On the other hand, it is not necessary to struggle optimizing our code everywhere, since most of the time the real execution time is good for the bulk of our code, and the bottleneck is in small portions of code: searches on huge sets of unsorted data, unnecessary repetitions, functions called tens of thousands of times per second, disk access, cache failures… This is summarized in the famous rule of 90-10 (the 90% of the execution time is spent on 10% of the code, more information here).

To size

One of the first phases of optimization is measurement: optimizing something (time, space, etc.) without previously measuring it can cause us to waste time on. This has happened to all of us:  – 3 hours of work to make a function run 85% faster, but that function took 1 second and ran in the background once every 5 hours… come on, we basically lost our time.  – 4 hours to improve the performance of a code snippet by only 25%, but that code takes 20 ms in average and is called 50 times per second during the video recording process: 20 ms * 50 = 1 second! That 25% makes it possible to lighten the CPU considerably at a critical moment, surely avoiding the loss of frames.

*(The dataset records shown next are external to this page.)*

lemma eq_if_differences_from:
  fixes A B :: "nat set"
  assumes "finite A" "finite B" "card A = card B" "0 \<in> B" "\<theta> \<in> B"
    and "\<forall>a\<in>A - {0}. \<exists>b\<in>B. int a = int b - int \<theta>"
  shows "A = B"
proof -
  have into: "a + \<theta> \<in> B" if "a \<in> A" for a
  proof (cases "a = 0")
    case False
    then have "\<exists>b\<in>B. int a = int b - int \<theta>"
      using assms(6) that by simp
    then obtain b where "b \<in> B" "int a = int b - int \<theta>"
      by blast
    moreover from this(2) have "a + \<theta> = b"
      by linarith
    ultimately show ?thesis
      by simp
  qed (simp add: assms(5))
  have "inj_on (\<lambda>a. a + \<theta>) A"
    by (rule inj_onI) simp
  then have "card ((\<lambda>a. a + \<theta>) ` A) = card B"
    using assms(3) by (simp add: card_image)
  then have img: "(\<lambda>a. a + \<theta>) ` A = B"
    using assms(2) into by (intro card_subset_eq) auto
  then have "\<theta> = 0"
    using assms(4) by fastforce
  then show ?thesis
    using img by simp
qed

lemma eq_reflect_set_if_differences_to:
  assumes "finite A" "finite B" "card A = card B" "0 \<in> A" "\<pi> \<in> B"
    and "\<forall>a\<in>A - {0}. \<exists>b\<in>B. int a = int \<pi> - int b"
  shows "A = reflect_set B"
proof -
  have into: "a \<le> \<pi> \<and> \<pi> - a \<in> B" if "a \<in> A" for a
  proof (cases "a = 0")
    case False
    then have "\<exists>b\<in>B. int a = int \<pi> - int b"
      using assms(6) that by simp
    then obtain b where "b \<in> B" "int a = int \<pi> - int b"
      by blast
    moreover from this(2) have "a \<le> \<pi>" "\<pi> - a = b"
      by linarith+
    ultimately show ?thesis
      by simp
  qed (simp add: assms(5))
  have "inj_on (\<lambda>a. \<pi> - a) A"
    using into by (intro inj_onI) (metis diff_diff_cancel)
  then have "card ((\<lambda>a. \<pi> - a) ` A) = card B"
    using assms(3) by (simp add: card_image)
  then have img: "(\<lambda>a. \<pi> - a) ` A = B"
    using assms(2) into by (intro card_subset_eq) auto
  then have "Max B = \<pi>"
    using assms(2,5) by (intro Max_eqI) auto
  then have "reflect_set B = (\<lambda>a. \<pi> - (\<pi> - a)) ` A"
    by (simp add: reflect_set_def img[symmetric] image_image)
  also have "\<dots> = (\<lambda>a. a) ` A"
    using into by (intro image_cong) auto
  finally show ?thesis
    by simp
qed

Measure, right, but, how? A profiling tool is usually one of the best alternatives, since it presents grouped and ordered information about the performance of critical functions. But sometimes we are simply interested in measuring a small handful of specific functions, or measuring them on client, where there are no profiling tools available.

TicToc

This article presents a small class, TicToc (do you notice that I’ve used Matlab?), To measure the runtime of a function automatically and easily. This class uses one of the maximum of C ++ (and one of my favorites, [RAII] (https://en.wikipedia.org/wiki/RAII)), to automate the measurement and printing of the duration per console.

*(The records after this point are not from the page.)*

(* Let $(G,c)$ be a metric TSP instance with $n\ge 3$ cities, let $T^*$ be a shortest tour and let $L=c(T^* )$. Then every 2-optimal tour $T'$ satisfies $$2\sum_{e\in E(T')} c(e)^2 \le L^2 .$$
   Context: A metric TSP instance with $n$ cities consists of a complete undirected graph $G$ on $n$ vertices together with $c: E(G)\to\mathbb{R}_{\ge 0}$ satisfying the triangle inequality $c(x,y)+c(y,z)\ge c(x,z)$. A tour is a cycle containing all vertices; its length is the sum of its edge lengths. Tours are regarded as oriented cycles. A tour is 2-optimal if for all pairs of edges $(a,b),(x,y)$ of the oriented tour, $c(a,x)+c(b,y)\ge c(a,b)+c(x,y)$. *)

theory Defs
  imports Complex_Main
begin

text \<open>A metric TSP instance on the vertex set V: costs on the edges of the complete
graph, i.e. on pairs of distinct vertices (diagonal values of c are irrelevant).\<close>
definition metric_tsp :: "'a set \<Rightarrow> ('a \<Rightarrow> 'a \<Rightarrow> real) \<Rightarrow> bool" where
  "metric_tsp V c \<longleftrightarrow> finite V \<and>
     (\<forall>x\<in>V. \<forall>y\<in>V. x \<noteq> y \<longrightarrow> c x y \<ge> 0 \<and> c x y = c y x) \<and>
     (\<forall>x\<in>V. \<forall>y\<in>V. \<forall>z\<in>V. x \<noteq> y \<and> y \<noteq> z \<and> x \<noteq> z \<longrightarrow> c x y + c y z \<ge> c x z)"

text \<open>An oriented tour is a cyclic ordering of all vertices, given by a list listing
every vertex exactly once; its oriented edges are (t!i, t!((i+1) mod n)).\<close>
definition is_tour :: "'a set \<Rightarrow> 'a list \<Rightarrow> bool" where
  "is_tour V t \<longleftrightarrow> distinct t \<and> set t = V"

definition tour_edge :: "'a list \<Rightarrow> nat \<Rightarrow> 'a \<times> 'a" where
  "tour_edge t i = (t ! i, t ! ((i + 1) mod length t))"

definition tour_length :: "('a \<Rightarrow> 'a \<Rightarrow> real) \<Rightarrow> 'a list \<Rightarrow> real" where
  "tour_length c t = (\<Sum>i<length t. c (fst (tour_edge t i)) (snd (tour_edge t i)))"

definition tour_sq_length :: "('a \<Rightarrow> 'a \<Rightarrow> real) \<Rightarrow> 'a list \<Rightarrow> real" where
  "tour_sq_length c t = (\<Sum>i<length t. (c (fst (tour_edge t i)) (snd (tour_edge t i)))^2)"

definition two_optimal :: "('a \<Rightarrow> 'a \<Rightarrow> real) \<Rightarrow> 'a list \<Rightarrow> bool" where
  "two_optimal c t \<longleftrightarrow>
     (\<forall>i<length t. \<forall>j<length t. i \<noteq> j \<longrightarrow>
        (let (a, b) = tour_edge t i; (x, y) = tour_edge t j
         in c a x + c b y \<ge> c a b + c x y))"

end

theory Submission
  imports Defs "HOL-Analysis.Analysis"
begin

text \<open>Lay the vertices out on a circle of circumference \<open>L\<close> by their distance along a tour of
  length \<open>L\<close>; by the triangle inequality every cost is at most the circular distance \<open>d\<close>.
  For a point \<open>s\<close> of the circle and an edge \<open>(a, b)\<close> of \<open>T'\<close> of cost \<open>l\<close>, take the arc of
  radius \<open>max 0 (l - d s a)\<close> around \<open>b\<close>. 2-optimality, \<open>l + l' \<le> c a a' + c b b'\<close>, makes these
  arcs pairwise disjoint, so twice the sum of their radii is at most \<open>L\<close>. Integrating over \<open>s\<close>,
  the radius belonging to an edge of cost \<open>l\<close> contributes \<open>l\<^sup>2\<close>, hence \<open>2 \<Sum> l\<^sup>2 \<le> L\<^sup>2\<close>.\<close>

text \<open>Distance on the circle \<open>\<real> / L\<int>\<close>; the formula is meant for points of \<open>[0, L]\<close>.\<close>
definition circ_dist :: "real \<Rightarrow> real \<Rightarrow> real \<Rightarrow> real" where
  "circ_dist L x y = min \<bar>x - y\<bar> (L - \<bar>x - y\<bar>)"

lemma circ_dist_nonneg: "x \<in> {0..L} \<Longrightarrow> y \<in> {0..L} \<Longrightarrow> 0 \<le> circ_dist L x y"
  unfolding circ_dist_def by auto

lemma circ_dist_commute: "circ_dist L x y = circ_dist L y x"
  unfolding circ_dist_def by (simp add: abs_minus_commute)

lemma circ_dist_le_half: "2 * circ_dist L x y \<le> L"
  unfolding circ_dist_def by (simp add: min_def)

lemma circ_dist_triangle:
  "x \<in> {0..L} \<Longrightarrow> y \<in> {0..L} \<Longrightarrow> z \<in> {0..L} \<Longrightarrow> circ_dist L x z \<le> circ_dist L x y + circ_dist L y z"
  unfolding circ_dist_def by (auto simp: min_def abs_if)

definition tent :: "real \<Rightarrow> real \<Rightarrow> real" where
  "tent l x = max 0 (l - \<bar>x\<bar>)"

text \<open>\<open>tent_primitive l x\<close> is the integral of \<open>tent l\<close> over \<open>]-\<infinity>, x]\<close>.\<close>
definition tent_primitive :: "real \<Rightarrow> real \<Rightarrow> real" where
  "tent_primitive l x = (let y = max (-l) (min l x) in l\<^sup>2 / 2 + l * y - y * \<bar>y\<bar> / 2)"

lemma tent_primitive_below: "0 \<le> l \<Longrightarrow> x \<le> -l \<Longrightarrow> tent_primitive l x = 0"
  by (cases "x = -l") (auto simp: tent_primitive_def max_def min_def power2_eq_square)

lemma tent_primitive_above: "0 \<le> l \<Longrightarrow> l \<le> x \<Longrightarrow> tent_primitive l x = l\<^sup>2"
  by (simp add: tent_primitive_def max_def min_def power2_eq_square)

lemma continuous_on_tent_primitive: "continuous_on S (tent_primitive l)"
  unfolding tent_primitive_def Let_def by (intro continuous_intros) auto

And although I know that the use of macros should be limited, this is one of those situations in which they are useful: automate actions. The TICTOC() macro automatically generates a measurement point that will be displayed at the end of the context in which it is used.

Code

#include <string>
#include <chrono>
#include <iostream>

class TicToc {
public:
 explicit TicToc(std::string label = {}) : m_label(label),
 m_begin(std::chrono::high_resolution_clock::now()) {}
 ~TicToc() {
 print();
 }

public:
 void print() const {
 using namespace std::chrono;
 const auto end = high_resolution_clock::now();
 const auto duration = duration_cast<microseconds>(end - m_begin).count();
 const auto duration_in_ms = duration / 1000.0;

 std::cout << m_label << duration_in_ms << " ms";
 }

private:
 const std::string m_label;
 std::chrono::time_point<std::chrono::steady_clock> m_begin;
};

// More info: https://stackoverflow.com/q/1489932/1485885
#define HELPER_JOIN(a, b) HELPER_JOIN2(a, b)
#define HELPER_JOIN2(a, b) a ## b

// Generate an unique variable name within current file
// Measurement tag: name of the caller function and line number
#define TICTOC() STT::TicToc HELPER_JOIN(tic_toc_, __LINE__)(std::string(__FUNCTION__) + "@" + std::to_string(__LINE__) + " = ");

void run() {
 TICTOC(); // that's all folks!

 for (int i = 0; i < 1000000; ++i) {
 do_something(); // ejem...
 }
}

int main() {
 run();
}

And we’re done! An output for above code can be:

::run@33 = 154.2 ms

Boost (update)

If our application depends on Boost, a possible improvement would be to use boost::timer::auto_cpu_timer, similar to the Linux time command. This class, similar to TicToc, shows the execution time between the declaration of the object and its destruction:

#include <boost/timer/timer.hpp>

void run() {
 boost::timer::auto_cpu_timer t;

 for (int i = 0; i < 1000000; ++i) {
 do_something();
 }
}

int main() {
 run();
}

Output:

 0.148997s wall, 0.078125s user + 0.062500s system = 0.140625s CPU (94.4%)

Of course, TicToc could be modified to use such class while using TicToc‘s automatic labeling:

class TicToc2 {
public:
 explicit TicToc2 (std::string label = {}) : m_label(label) {}
 ~TicToc2() {
 std::cout << m_label;
 }

private:
 const std::string m_label;
 boost::timer::auto_cpu_timer m_timer;
};

Other possible improvements

   – Use higher resolution / precision clocks.   – Add a switch to disable the measurement completely, or at levels, so that it is not necessary to suppress the code in production.   – Be able to redirect the output to, for example, a log file.   – Anything else?